San Antonio, siguiendo la escuela de san Francisco, pone siempre a Cristo en
el centro de la vida y del pensamiento, de la acción y de la predicación. Este
es otro rasgo típico de la teología franciscana: el cristocentrismo. Contempla
de buen grado, e invita a contemplar, los misterios de la humanidad del Señor,
el hombre Jesús, de modo particular el misterio de la Natividad, Dios que se
ha hecho Niño, que se ha puesto en nuestras manos: un misterio que suscita
sentimientos de amor y de gratitud hacia la bondad divina.
Por una parte, la
Natividad, un punto central del amor de Cristo por la
humanidad, pero también la visión del Crucificado le inspira pensamientos de
reconocimiento hacia Dios y de estima por la dignidad de la persona humana,
para que todos, creyentes y no creyentes, puedan encontrar en el Crucificado y
en su imagen un significado que enriquezca la vida.
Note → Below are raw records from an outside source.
(* Let $\xi(k)=(\xi_1(k),\dots,\xi_d(k))$, $k\geq 0$, be a stationary $d$-dimensional stochastic process on a probability space $(\Omega,\mathcal{F},P)$ such that $E|\xi(0)|<\infty$. Let $Q=(Q_1,\dots,Q_d)$ be the (in general random) almost sure limit $Q=\lim_{n\to\infty}n^{-1}\sum_{k=0}^n\xi(k)$, which exists by the Birkhoff ergodic theorem. For $\nu\geq1$ and $1\leq i_1,\dots,i_\nu\leq d$ define \[ \Sigma^{i_1,\dots,i_\nu}(n)=\sum_{0\leq k_1<\dots<k_\nu<n}\xi_{i_1}(k_1)\xi_{i_2}(k_2)\cdots\xi_{i_\nu}(k_\nu). \] Then with probability one, \[ \lim_{n\to\infty}n^{-\nu}\Sigma^{i_1,\dots,i_\nu}(n)=\frac 1{\nu !}\prod_{j=1}^\nu Q_{i_j} \] for all $1\leq i_1,\dots,i_\nu\leq d$.
   Context: $|\cdot|$ denotes the Euclidean norm on $\mathbb{R}^d$. *)

theory Defs
  imports "HOL-Probability.Probability"
begin

text \<open>Iterated sum over 0 \<le> k_0 < k_1 < ... < k_(nu-1) < n of
  xi_(i_0)(k_0) * ... * xi_(i_(nu-1))(k_(nu-1)); index tuples are encoded as
  functions nat \<Rightarrow> nat that vanish from position nu on.\<close>

definition incr_tuples :: "nat \<Rightarrow> nat \<Rightarrow> (nat \<Rightarrow> nat) set" where
  "incr_tuples \<nu> n = {ks. (\<forall>j<\<nu>. ks j < n) \<and> (\<forall>j. Suc j < \<nu> \<longrightarrow> ks j < ks (Suc j))
                          \<and> (\<forall>j\<ge>\<nu>. ks j = 0)}"

definition iter_sum :: "(nat \<Rightarrow> 'a \<Rightarrow> real ^ 'd) \<Rightarrow> (nat \<Rightarrow> 'd) \<Rightarrow> nat \<Rightarrow> nat \<Rightarrow> 'a \<Rightarrow> real" where
  "iter_sum \<xi> is \<nu> n \<omega> = (\<Sum>ks\<in>incr_tuples \<nu> n. \<Prod>j<\<nu>. \<xi> (ks j) \<omega> $ is j)"

end

theory Submission
  imports Defs
begin

(* The iterated sums satisfy Sigma(nu+1, n) = sum_{m<n} xi_{i_(nu+1)}(m) * Sigma(nu, m), so induction
   on nu reduces the theorem, path by path, to a weighted Cesaro lemma: if a(m) ~ c m^r, the Cesaro
   means of y tend to p and the Cesaro means of |y| stay bounded, then
   sum_{m<n} y(m) a(m) ~ c p n^(r+1) / (r+1), by summation by parts against m^r.

   The bound on the Cesaro means of |xi| is where stationarity enters: Garsia's proof of the maximal
   ergodic inequality gives l * P(sup_n (1/n) sum_{k<n} |xi(k)| > l) <= E|xi(0)|, which tends to 0 as
   l goes to infinity. The bound cannot be dropped: for xi(2m) = sqrt m = -xi(2m+1) the Cesaro means
   tend to 0, but Sigma^{1,1}(n) / n^2 tends to -1/8. *)

section \<open>Weighted Cesaro means\<close>

lemma cesaro_mean_lessThan:
  fixes x :: "nat \<Rightarrow> 'a::real_normed_vector"
  assumes "(\<lambda>n. (1 / real n) *\<^sub>R (\<Sum>k\<le>n. x k)) \<longlonglongrightarrow> q"
  shows "(\<lambda>n. (1 / real n) *\<^sub>R (\<Sum>k<n. x k)) \<longlonglongrightarrow> q"
proof (rule LIMSEQ_imp_Suc)
  have "(\<lambda>n. (real n / real (Suc n)) *\<^sub>R ((1 / real n) *\<^sub>R (\<Sum>k\<le>n. x k))) \<longlonglongrightarrow> 1 *\<^sub>R q"
    using LIMSEQ_n_over_Suc_n assms by (rule tendsto_scaleR)
  moreover have "\<forall>\<^sub>F n in sequentially.
      (real n / real (Suc n)) *\<^sub>R ((1 / real n) *\<^sub>R (\<Sum>k\<le>n. x k)) = (1 / real (Suc n)) *\<^sub>R (\<Sum>k<Suc n. x k)"
    using eventually_gt_at_top[of 0] by eventually_elim (simp add: lessThan_Suc_atMost)
  ultimately show "(\<lambda>n. (1 / real (Suc n)) *\<^sub>R (\<Sum>k<Suc n. x k)) \<longlonglongrightarrow> q"
    using Lim_transform_eventually by fastforce
qed

lemma sum_div_tendsto_0_if_dominated:
  fixes h g D :: "nat \<Rightarrow> real"
  assumes small: "\<And>\<epsilon>. \<epsilon> > 0 \<Longrightarrow> \<forall>\<^sub>F m in sequentially. \<bar>h m\<bar> \<le> \<epsilon> * g m"
    and g_nonneg: "\<And>m. 0 \<le> g m"
    and g_sum: "\<And>n. (\<Sum>m<n. g m) \<le> C * D n"
    and D: "filterlim D at_top sequentially"
  shows "(\<lambda>n. (\<Sum>m<n. h m) / D n) \<longlonglongrightarrow> 0"
proof (rule tendstoI)
  fix r :: real assume "r > 0"
  define e where "e = r / (2 * (\<bar>C\<bar> + 1))"
  have "e > 0" and "e * C < r / 2"
    using \<open>r > 0\<close> by (auto simp: e_def field_simps abs_if)
  obtain N where N: "\<And>m. m \<ge> N \<Longrightarrow> \<bar>h m\<bar> \<le> e * g m"
    using small[OF \<open>e > 0\<close>] by (auto simp: eventually_sequentially)
  define K where "K = (\<Sum>m<N. \<bar>h m\<bar>)"
  have "((\<lambda>n. K / D n) \<longlongrightarrow> 0) sequentially"
    by (intro tendsto_divide_0[OF tendsto_const] filterlim_at_top_imp_at_infinity D)
  then have "\<forall>\<^sub>F n in sequentially. K / D n < r / 2"
    using \<open>r > 0\<close> by (intro order_tendstoD) auto
  moreover have "\<forall>\<^sub>F n in sequentially. 0 < D n"
    using D by (simp add: filterlim_at_top_dense)
  ultimately show "\<forall>\<^sub>F n in sequentially. dist ((\<Sum>m<n. h m) / D n) 0 < r"
    using eventually_ge_at_top[of N]
  proof eventually_elim
    case (elim n)
    have "\<bar>\<Sum>m<n. h m\<bar> \<le> (\<Sum>m<n. \<bar>h m\<bar>)"
      by (rule sum_abs)
    also have "\<dots> = K + (\<Sum>m\<in>{N..<n}. \<bar>h m\<bar>)"
      using \<open>N \<le> n\<close> unfolding K_def atLeast0LessThan[symmetric]
      by (simp add: sum.atLeastLessThan_concat)
    also have "(\<Sum>m\<in>{N..<n}. \<bar>h m\<bar>) \<le> (\<Sum>m\<in>{N..<n}. e * g m)"
      using N by (intro sum_mono) auto
    also have "\<dots> \<le> (\<Sum>m<n. e * g m)"
      using \<open>e > 0\<close> g_nonneg by (intro sum_mono2) auto
    also have "\<dots> \<le> e * (C * D n)"
      using g_sum[of n] \<open>e > 0\<close> by (simp add: sum_distrib_left[symmetric])
    finally have "\<bar>\<Sum>m<n. h m\<bar> / D n \<le> K / D n + e * C"
      using \<open>0 < D n\<close> by (simp add: field_simps)
    then have "\<bar>\<Sum>m<n. h m\<bar> / D n < r"
      using elim(1) \<open>e * C < r / 2\<close> by linarith
    then show ?case
      using \<open>0 < D n\<close> by (simp add: abs_divide)
  qed
qed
Escribe san Antonio:
"Cristo, que es tu vida, está colgado delante de ti, para que tú mires en
la cruz como en un espejo. Allí podrás conocer cuán mortales fueron tus
heridas, que ninguna medicina habría podido curar, a no ser la de la sangre del
Hijo de Dios. Si miras bien, podrás darte cuenta de cuán grandes son tu
dignidad humana y tu valor... En ningún otro lugar el hombre puede comprender
mejor lo que vale que mirándose en el espejo de la cruz" (Sermones
Dominicales et Festivi III, pp. 213-214).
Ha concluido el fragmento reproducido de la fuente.